As an enzyme with a crucial role in several mechanisms, the action of DPP4 must be under strict control by factors some of which may be unknown till now, and allosteric sites for the binding of natural inhibitors or enhancers are expected to be revealed.

Inhibitors with non-covalent, reversible binding to allosteric sites could cause more balanced inhibition at a wide range of substrate concentrations. Moreover, the discovery of such inhibitors may constitute the first step for finding allosteric sites of the enzyme and better exploring its role and interactions. Till now, a very limited number of studies refer to such inhibitors [37][39][40][41][42][43][44][45][46]. The existence of uncompetitive and non-competitive inhibitors indicates the presence of allosteric sites.

This site can be within the cavity of the active site or can be outside the cavity at a neighboring or remote location. There are many examples in which the allosteric site is placed at a remarkable distance. In the case of DPP4, a phenomenon of remote control of enzyme activity has been mentioned concerning mutations of amino acids at positions far away from the active site with no obvious implication in catalysis.
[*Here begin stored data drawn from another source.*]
lemma independent_functionals_separate_points:
  fixes \<xi> :: "'i \<Rightarrow> 'v::euclidean_space \<Rightarrow> real"
  assumes "finite I" "card I = DIM('v)" and lin: "\<And>i. i \<in> I \<Longrightarrow> linear (\<xi> i)"
    and indep: "\<And>c. (\<forall>x. (\<Sum>i\<in>I. c i * \<xi> i x) = 0) \<Longrightarrow> (\<forall>i\<in>I. c i = 0)"
    and zero: "\<And>i. i \<in> I \<Longrightarrow> \<xi> i x = 0"
  shows "x = 0"
proof -
  define w where "w i = adjoint (\<xi> i) 1" for i
  have \<xi>_w: "\<xi> i y = y \<bullet> w i" if "i \<in> I" for i y
    unfolding w_def by (rule linear_functional_eq_inner[OF lin[OF that]])
  have coeffs_zero: "\<forall>i\<in>I. c i = 0" if "(\<Sum>i\<in>I. c i *\<^sub>R w i) = 0" for c
  proof (rule indep, rule allI)
    fix y
    have "(\<Sum>i\<in>I. c i * \<xi> i y) = y \<bullet> (\<Sum>i\<in>I. c i *\<^sub>R w i)"
      by (simp add: \<xi>_w inner_sum_right mult.commute)
    then show "(\<Sum>i\<in>I. c i * \<xi> i y) = 0"
      using that by simp
  qed
  have inj: "inj_on w I"
  proof (rule inj_onI, rule ccontr)
    fix i k assume ik: "i \<in> I" "k \<in> I" "w i = w k" "i \<noteq> k"
    define c where "c l = (if l = i then 1 else if l = k then -1 else (0::real))" for l
    have "(\<Sum>l\<in>I. c l *\<^sub>R w l) = (\<Sum>l\<in>{i, k}. c l *\<^sub>R w l)"
      by (rule sum.mono_neutral_right) (use ik \<open>finite I\<close> in \<open>auto simp: c_def\<close>)
    also have "\<dots> = 0"
      using ik by (simp add: c_def)
    finally have "c i = 0"
      using coeffs_zero ik(1) by blast
    then show False
      by (simp add: c_def)
  qed
  have "independent (w ` I)"
  proof (rule independent_if_scalars_zero)
    fix c y assume "(\<Sum>v\<in>w ` I. c v *\<^sub>R v) = 0" "y \<in> w ` I"
    then show "c y = 0"
      using coeffs_zero[of "c \<circ> w"] by (auto simp: sum.reindex[OF inj])
  qed (use \<open>finite I\<close> in simp)
  then have span: "span (w ` I) = UNIV"
    using card_ge_dim_independent[of "w ` I" UNIV] card_image[OF inj] assms(2)
    by (auto simp: dim_UNIV)
  have "real_inner_class.orthogonal x x"
    by (rule orthogonal_to_span[of x "w ` I" x])
      (auto simp: span real_inner_class.orthogonal_def \<xi>_w[symmetric] zero)
  then show ?thesis
    by (simp add: real_inner_class.orthogonal_def)
qed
Despite the distance, the mutations affect the Κm and Vmax of the enzyme. Such mutations are T351A, K554Q, R492K, V486M, D65E, and A291P, with V486M which leads to inactivation, being the most remote one [47]. This indicates that in this enzyme, an effect at a site at a great distance from the catalytic triad may cause inhibition and the sites of inhibiting mutations may be such sites.

An effort to predict the probable position of the allosteric site was conducted using the results of the docking analysis of the whole enzyme.
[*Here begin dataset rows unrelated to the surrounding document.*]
lemma canon_eq_Game:
  assumes "dyadic x"
  shows "canon x = Game (map canon (canon_left_vals x)) (map canon (canon_right_vals x))"
proof (cases "dyadic_exp x = 0")
  case True
  define j where "j = \<lfloor>x\<rfloor>"
  have x: "x = of_int j" using dyadic_scaled_eq_floor[OF assms] True unfolding j_def by simp
  have canon_int: "canon (of_int i) = int_game i" for i
    using dy_game_eq_canon[of i 0] by (simp add: dy_game.simps)
  consider "0 < j" | "j < 0" | "j = 0" by linarith
  then show ?thesis
  proof cases
    case 1
    then show ?thesis
      using canon_int[of j] canon_int[of "j - 1"] int_game_pos True
      by (simp add: x canon_left_vals_def canon_right_vals_def)
  next
    case 2
    then show ?thesis
      using canon_int[of j] canon_int[of "j + 1"] int_game_neg True
      by (simp add: x canon_left_vals_def canon_right_vals_def)
  next
    case 3
    then show ?thesis
      using canon_int[of 0] True
      by (simp add: x canon_left_vals_def canon_right_vals_def int_game_def)
  qed
next
  case False
  then show ?thesis
    using canon_odd_numerator[OF dyadic_scaled_eq_floor[OF assms]
        odd_scaled_if_dyadic_exp_pos[OF assms]]
    by (simp add: canon_left_vals_def canon_right_vals_def)
qed

lemma canon_left_vals_lt: "dyadic x \<Longrightarrow> l \<in> set (canon_left_vals x) \<Longrightarrow> dyadic l \<and> l < x"
  by (cases "dyadic_exp x = 0 \<and> x \<le> 0") (simp_all add: canon_left_vals_def)

lemma canon_right_vals_gt: "dyadic x \<Longrightarrow> r \<in> set (canon_right_vals x) \<Longrightarrow> dyadic r \<and> x < r"
  by (cases "dyadic_exp x = 0 \<and> 0 \<le> x") (simp_all add: canon_right_vals_def)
Figure 1. Active site of DPP4 (a) and probable sites of binding of uncompetitive (sites a1, b) and non-competitive (site a2) inhibitors, according to docking analysis using the DPP4 structure 2OAG [37].

Although crystallographic studies are needed to reveal these sites, an effort using Docking analysis was performed, indicating one probable site (a2) for non-competitive inhibitor at the wider area of the active center and two probable site of binding for uncompetitive inhibitors, one at the wider area of the active site cavity (a1) and one at the area of propeller loop (b) [37]. However, binding at this site is restricted. DPP4 forms a dimer with the propeller loop taking part in dimer formation. DPP4 dimers are not in equilibrium with monomers and dimerization is necessary for catalytic activity [47][48]. Interestingly, during catalysis, the propeller loop moves several times between a “closed” and an “open” pose, and this movement is considered as essential for the catalytic procedure. Preventing propeller loop movement in V486M mutation leads to the inactivation of the enzyme [48]. It is not known if the conformations adapted during the movement of the loop enable the binding of the inhibitors [37].